Data excerpts
⁂

lemma prob_root_pr_gt_ge_deg_tail:
  fixes dv :: "nat \<Rightarrow> nat" and n :: nat and c k \<beta> \<theta> \<epsilon> :: real
  defines "S \<equiv> sum dv {..<n}"
  assumes pos: "\<And>i. i < n \<Longrightarrow> 1 \<le> dv i" and ev: "even S" and n: "n \<ge> 4"
    and c: "0 < c" "c < 1" and k: "k > 0"
    and ratio: "real S - 1 \<le> \<theta> * (real n - 1)" and \<theta>: "2 * \<theta> \<le> \<beta> * c * (1 - c)"
    and small: "4 * \<theta> / (\<beta> * k) + 4 * \<theta> / (real n - 1) + 8 / (real n - 3) \<le> \<epsilon>"
  shows "(1 - \<epsilon>) * measure_pmf.prob (deg_law dv n) {j. real j > \<beta> * k} \<le> prob_root_pr_gt c dv n k"
proof -
  have "(1 - \<epsilon>) * measure_pmf.prob (deg_law dv n) {j. real j > \<beta> * k}
      = (\<Sum>v<n. if dv v > \<beta> * k then 1 - \<epsilon> else 0) / n"
    using prob_deg_law[of n dv "\<lambda>x. x > \<beta> * k"] n by (simp add: sum.If_cases Int_def)
  also have "\<dots> \<le> (\<Sum>v<n. real (card {m \<in> matchings dv n. pagerank c dv n m v > k}) / card (matchings dv n)) / n"
    using pagerank_gt_at_large_vertex_whp[OF pos ev[unfolded S_def] n _ _ c k ratio[unfolded S_def] \<theta> small]
    by (intro divide_right_mono sum_mono) auto
  also have "\<dots> = prob_root_pr_gt c dv n k"
    using prob_root_pr_gt_eq[of dv n c k] ev n unfolding S_def by simp
  finally show ?thesis .
qed

lemma LIMSEQ_pred_ratio:
  fixes s :: "nat \<Rightarrow> real"
  assumes "(\<lambda>n. s n / n) \<longlonglongrightarrow> l"
  shows "(\<lambda>n. (s n - 1) / (real n - 1)) \<longlonglongrightarrow> l"
proof -
  have "(\<lambda>n. s n / n * (n / (real n - 1)) - 1 / (real n - 1)) \<longlonglongrightarrow> l * 1 - 0"
    by (intro tendsto_intros assms) real_asymp+
  moreover have "\<forall>\<^sub>F n in sequentially. s n / n * (n / (real n - 1)) - 1 / (real n - 1) = (s n - 1) / (real n - 1)"
    using eventually_gt_at_top[of "0::nat"] by eventually_elim (simp add: diff_divide_distrib)
  ultimately show ?thesis by (simp add: tendsto_cong)
qed

theorem eventually_prob_root_pr_gt_ge_deg_tail:
  fixes d :: "nat \<Rightarrow> nat \<Rightarrow> nat" and c \<beta> \<epsilon> \<mu> :: real
  assumes deg_pos: "\<And>n i. i < n \<Longrightarrow> 1 \<le> d n i"
    and deg_even: "\<And>n. even (\<Sum>i<n. d n i)"
    and conv_mean: "(\<lambda>n. measure_pmf.expectation (deg_law (d n) n) real) \<longlonglongrightarrow> \<mu>"
    and c: "0 < c" "c < 1" and \<beta>: "\<beta> * c * (1 - c) > 2 * \<mu>" and \<epsilon>: "\<epsilon> > 0"
  shows "\<forall>\<^sub>F k in at_top. \<forall>\<^sub>F n in sequentially.
           (1 - \<epsilon>) * measure_pmf.prob (deg_law (d n) n) {j. real j > \<beta> * k} \<le> prob_root_pr_gt c (d n) n k"
proof -
  define S where "S n = sum (d n) {..<n}" for n
  have "\<forall>\<^sub>F n in sequentially. measure_pmf.expectation (deg_law (d n) n) real = real (S n) / n"
    using eventually_ge_at_top[of "1::nat"] by eventually_elim (simp add: expectation_deg_law S_def)
  from tendsto_cong[OF this] have "(\<lambda>n. real (S n) / n) \<longlonglongrightarrow> \<mu>"
    using conv_mean by simp
  then have ratio: "(\<lambda>n. (real (S n) - 1) / (real n - 1)) \<longlonglongrightarrow> \<mu>"
    by (rule LIMSEQ_pred_ratio)
  have "\<mu> \<ge> 1"
  proof (rule LIMSEQ_le_const[OF \<open>(\<lambda>n. real (S n) / n) \<longlonglongrightarrow> \<mu>\<close>])
    have "S n \<ge> n" for n unfolding S_def using sum_mono[of "{..<n}" "\<lambda>_. 1" "d n"] deg_pos by simp
    then show "\<exists>N. \<forall>n\<ge>N. 1 \<le> real (S n) / real n"
      by (intro exI[of _ 1]) (auto simp: le_divide_eq)
  qed
  define \<theta> where "\<theta> = (\<mu> + \<beta> * c * (1 - c) / 2) / 2"
  have \<theta>: "\<mu> < \<theta>" "2 * \<theta> \<le> \<beta> * c * (1 - c)" using \<beta> unfolding \<theta>_def by auto
  have "0 < \<beta> * (c * (1 - c))" using \<theta> \<open>\<mu> \<ge> 1\<close> by (simp add: mult.assoc)
  moreover have "0 < c * (1 - c)" using c by simp
  ultimately have "\<beta> > 0" by (rule zero_less_mult_pos2)
  have "(\<lambda>n. 4 * \<theta> / (real n - 1) + 8 / (real n - 3)) \<longlonglongrightarrow> 0"
    by real_asymp
  then have "\<forall>\<^sub>F n in sequentially. 4 * \<theta> / (real n - 1) + 8 / (real n - 3) < \<epsilon> / 2"
    using \<epsilon> by (intro order_tendstoD(2)) auto
  then have large_n: "\<forall>\<^sub>F n in sequentially. real (S n) - 1 \<le> \<theta> * (real n - 1)
      \<and> 4 * \<theta> / (real n - 1) + 8 / (real n - 3) < \<epsilon> / 2 \<and> n \<ge> 4"
    using order_tendstoD(2)[OF ratio \<theta>(1)] eventually_ge_at_top[of "4::nat"]
    by eventually_elim (simp add: pos_divide_less_eq)
  show ?thesis
    using eventually_ge_at_top[of "max 1 (8 * \<theta> / (\<beta> * \<epsilon>))"]
  proof eventually_elim
    case (elim k)
    then have "k > 0" by simp
    have "8 * \<theta> \<le> k * (\<beta> * \<epsilon>)"
      using elim \<open>\<beta> > 0\<close> \<epsilon> by (simp add: divide_le_eq)
    then have k_large: "4 * \<theta> / (\<beta> * k) \<le> \<epsilon> / 2"
      using \<open>\<beta> > 0\<close> \<open>k > 0\<close> by (simp add: divide_le_eq field_simps)
    show ?case
      using large_n
    proof eventually_elim
      case (elim n)
      then show ?case
        using prob_root_pr_gt_ge_deg_tail[OF deg_pos deg_even, of n c k \<theta> \<beta> \<epsilon>] k_large c \<theta>(2) \<open>k > 0\<close>
        unfolding S_def by simp
    qed
  qed
qed

section \<open>Root PageRank of the unimodular branching-process tree\<close>

lemma space_ubp_tree [simp]: "space (ubp_tree p) = UNIV"
  unfolding ubp_tree_def space_PiM by (auto simp: PiE_def extensional_def)

lemma prob_space_ubp_tree: "prob_space (ubp_tree p)"
  unfolding ubp_tree_def by (rule prob_space_PiM) (simp add: prob_space_measure_pmf)

lemma measurable_ubp_tree_component [measurable]:
  "(\<lambda>N. N v) \<in> ubp_tree p \<rightarrow>\<^sub>M count_space UNIV"
proof -
  have "(\<lambda>N. N v) \<in> ubp_tree p \<rightarrow>\<^sub>M measure_pmf (if v = [] then p else size_biased p)"
    unfolding ubp_tree_def by (rule measurable_component_singleton) simp
  then show ?thesis by (simp cong: measurable_cong_sets)
qed

lemma sets_ubp_tree_component [measurable]: "{N. P (N v)} \<in> sets (ubp_tree p)"
  using measurable_sets[OF measurable_ubp_tree_component[of v p], of "{x. P x}"] by (simp add: vimage_def)

lemma borel_measurable_tree_col_sum: "(\<lambda>N. tree_col_sum N s v) \<in> borel_measurable (ubp_tree p)"
proof (induction s arbitrary: v)
  case (Suc s)
  have "(\<lambda>N. tree_col_sum N s w / real (tree_deg N w)) \<in> borel_measurable (ubp_tree p)" for w
    using Suc.IH[of w] unfolding tree_deg_def by measurable
  then have "(\<lambda>N. \<Sum>i<j. tree_col_sum N s (v @ [i]) / real (tree_deg N (v @ [i])))
      \<in> borel_measurable (ubp_tree p)" for j
    by (intro borel_measurable_sum) auto
  from measurable_compose_countable[OF this measurable_ubp_tree_component] Suc.IH
  show ?case unfolding tree_col_sum.simps tree_deg_def by measurable
qed simp

lemma borel_measurable_tree_root_pr: "(\<lambda>N. tree_root_pr c N) \<in> borel_measurable (ubp_tree p)"
  unfolding tree_root_pr_def using borel_measurable_tree_col_sum
  by (intro borel_measurable_suminf_order) measurable

lemma measure_ubp_tree_root: "measure (ubp_tree p) {N. N [] \<in> A} = measure_pmf.prob p A"
proof -
  let ?M = "\<lambda>v. measure_pmf (if v = [] then p else size_biased p)"
  have "prod_emb UNIV ?M {[]} (Pi\<^sub>E {[]} (\<lambda>_. A)) = {N. N [] \<in> A}"
    by (auto simp: prod_emb_def PiE_def extensional_def)
  moreover have "emeasure (Pi\<^sub>M UNIV ?M) (prod_emb UNIV ?M {[]} (Pi\<^sub>E {[]} (\<lambda>_. A))) = emeasure p A"
    by (subst emeasure_PiM_emb) (auto simp: prob_space_measure_pmf)
  ultimately have "emeasure (Pi\<^sub>M UNIV ?M) {N. N [] \<in> A} = emeasure p A" by metis
  then show ?thesis unfolding measure_def ubp_tree_def by (rule arg_cong)
qed

lemma measure_ubp_tree_root_vertex:
  assumes "w \<noteq> []"
  shows "measure (ubp_tree p) {N. N [] \<in> A \<and> N w \<in> B}
       = measure_pmf.prob p A * measure_pmf.prob (size_biased p) B"
proof -
  let ?M = "\<lambda>v. measure_pmf (if v = [] then p else size_biased p)"
  define X where "X v = (if v = [] then A else B)" for v :: "nat list"
  have "{N. N [] \<in> A \<and> N w \<in> B} = prod_emb UNIV ?M {[], w} (Pi\<^sub>E {[], w} X)"
    using assms by (auto simp: prod_emb_def X_def PiE_def extensional_def)
  then have "emeasure (Pi\<^sub>M UNIV ?M) {N. N [] \<in> A \<and> N w \<in> B}
      = emeasure p A * emeasure (size_biased p) B"
    using assms by (simp, subst emeasure_PiM_emb) (auto simp: prob_space_measure_pmf X_def)
  then show ?thesis
    unfolding measure_def ubp_tree_def by (simp add: enn2real_mult)
qed

lemma tree_col_sum_bounds:
  "0 \<le> tree_col_sum N s v \<and> tree_col_sum N s v \<le> max 1 (real (tree_deg N v))"
proof (induction s arbitrary: v)
  case (Suc s)
  have step: "0 \<le> tree_col_sum N s w / real (tree_deg N w) \<and> tree_col_sum N s w / real (tree_deg N w) \<le> 1"
    for w
    using Suc.IH[of w] by (cases "tree_deg N w = 0") (auto simp: divide_le_eq_1)
  have "(\<Sum>i<N v. tree_col_sum N s (v @ [i]) / real (tree_deg N (v @ [i]))) \<le> (\<Sum>i<N v. 1)"
    using step by (intro sum_mono) auto
  moreover have "(if v = [] then 0 else tree_col_sum N s (butlast v) / real (tree_deg N (butlast v)))
      \<le> (if v = [] then 0 else 1)"
    using step by auto
  ultimately have "tree_col_sum N (Suc s) v \<le> (\<Sum>i<N v. 1) + (if v = [] then 0 else 1)"
    unfolding tree_col_sum.simps by (rule add_mono)
  also have "\<dots> = real (tree_deg N v)"
    by (simp add: tree_deg_def)
  finally have "tree_col_sum N (Suc s) v \<le> max 1 (real (tree_deg N v))"
    by (rule max.coboundedI2)
  moreover have "0 \<le> tree_col_sum N (Suc s) v"
    using step by (auto intro!: sum_nonneg add_nonneg_nonneg)
  ultimately show ?case by simp
qed simp

lemma tree_root_pr_le:
  assumes c: "0 < c" "c < 1"
  shows "tree_root_pr c N \<le> max 1 (real (N []))"
proof -
  define B where "B = max 1 (real (N []))"
  have "tree_root_pr c N \<le> (\<Sum>s. ennreal ((1 - c) * c ^ s * B))"
    unfolding tree_root_pr_def
  proof (intro suminf_le ennreal_leI mult_left_mono)
    show "tree_col_sum N s [] \<le> B" for s
      using tree_col_sum_bounds[of N s "[]"] unfolding B_def tree_deg_def by simp
  qed (use c in auto)
  also have "\<dots> = ennreal (\<Sum>s. (1 - c) * c ^ s * B)"
    by (rule suminf_ennreal2)
      (use c B_def in \<open>auto intro!: summable_mult2 summable_mult summable_geometric\<close>)
  also have "(\<Sum>s. (1 - c) * c ^ s * B) = B"
    using c by (simp add: suminf_mult suminf_mult2[symmetric] suminf_geometric summable_geometric)
  finally show ?thesis unfolding B_def .
qed

lemma tree_root_pr_ge_children:
  "ennreal ((1 - c) * c * (\<Sum>i<N []. 1 / real (N [i] + 1))) \<le> tree_root_pr c N"
proof -
  let ?f = "\<lambda>s. ennreal ((1 - c) * c ^ s * tree_col_sum N s [])"
  have "?f 1 \<le> (\<Sum>s<2. ?f s)" by (simp add: numeral_2_eq_2)
  also have "\<dots> \<le> tree_root_pr c N" unfolding tree_root_pr_def by (rule sum_le_suminf) auto
  finally show ?thesis by (simp add: tree_deg_def)
qed

lemma real_card_filter_eq_sum: "finite A \<Longrightarrow> real (card {x \<in> A. P x}) = (\<Sum>x\<in>A. if P x then 1 else 0)"
  by (simp add: sum.If_cases Int_def)

lemma real_card_lessThan_filter:
  "real (card {i. i < (m::nat) \<and> P i}) = (\<Sum>i<m. if P i then 1 else 0)"
  using real_card_filter_eq_sum[of "{..<m}" P, OF finite_lessThan] by simp

lemma sets_ubp_tree_small_children:
  "{N. N [] = m \<and> 2 * card {i. i < m \<and> t < N [i]} < m} \<in> sets (ubp_tree p)"
proof -
  define F where "F N = real (card {i. i < m \<and> t < N [i]})" for N
  have "F \<in> borel_measurable (ubp_tree p)"
    unfolding F_def real_card_lessThan_filter by measurable
  then have "{N \<in> space (ubp_tree p). 2 * F N < m} \<in> sets (ubp_tree p)"
    by measurable
  moreover have "{N. N [] = m \<and> 2 * card {i. i < m \<and> t < N [i]} < m}
      = {N. N [] = m} \<inter> {N \<in> space (ubp_tree p). 2 * F N < m}"
    unfolding F_def by (auto simp del: of_nat_less_iff)
  ultimately show ?thesis by simp
qed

⁂

__To do__
Only lines with the word "assms" are wanted; pull each of them from the records.

__Solution for this problem__
    by (intro tendsto_intros assms) real_asymp+
    using assms by (auto simp: prod_emb_def X_def PiE_def extensional_def)
    using assms by (simp, subst emeasure_PiM_emb) (auto simp: prob_space_measure_pmf X_def)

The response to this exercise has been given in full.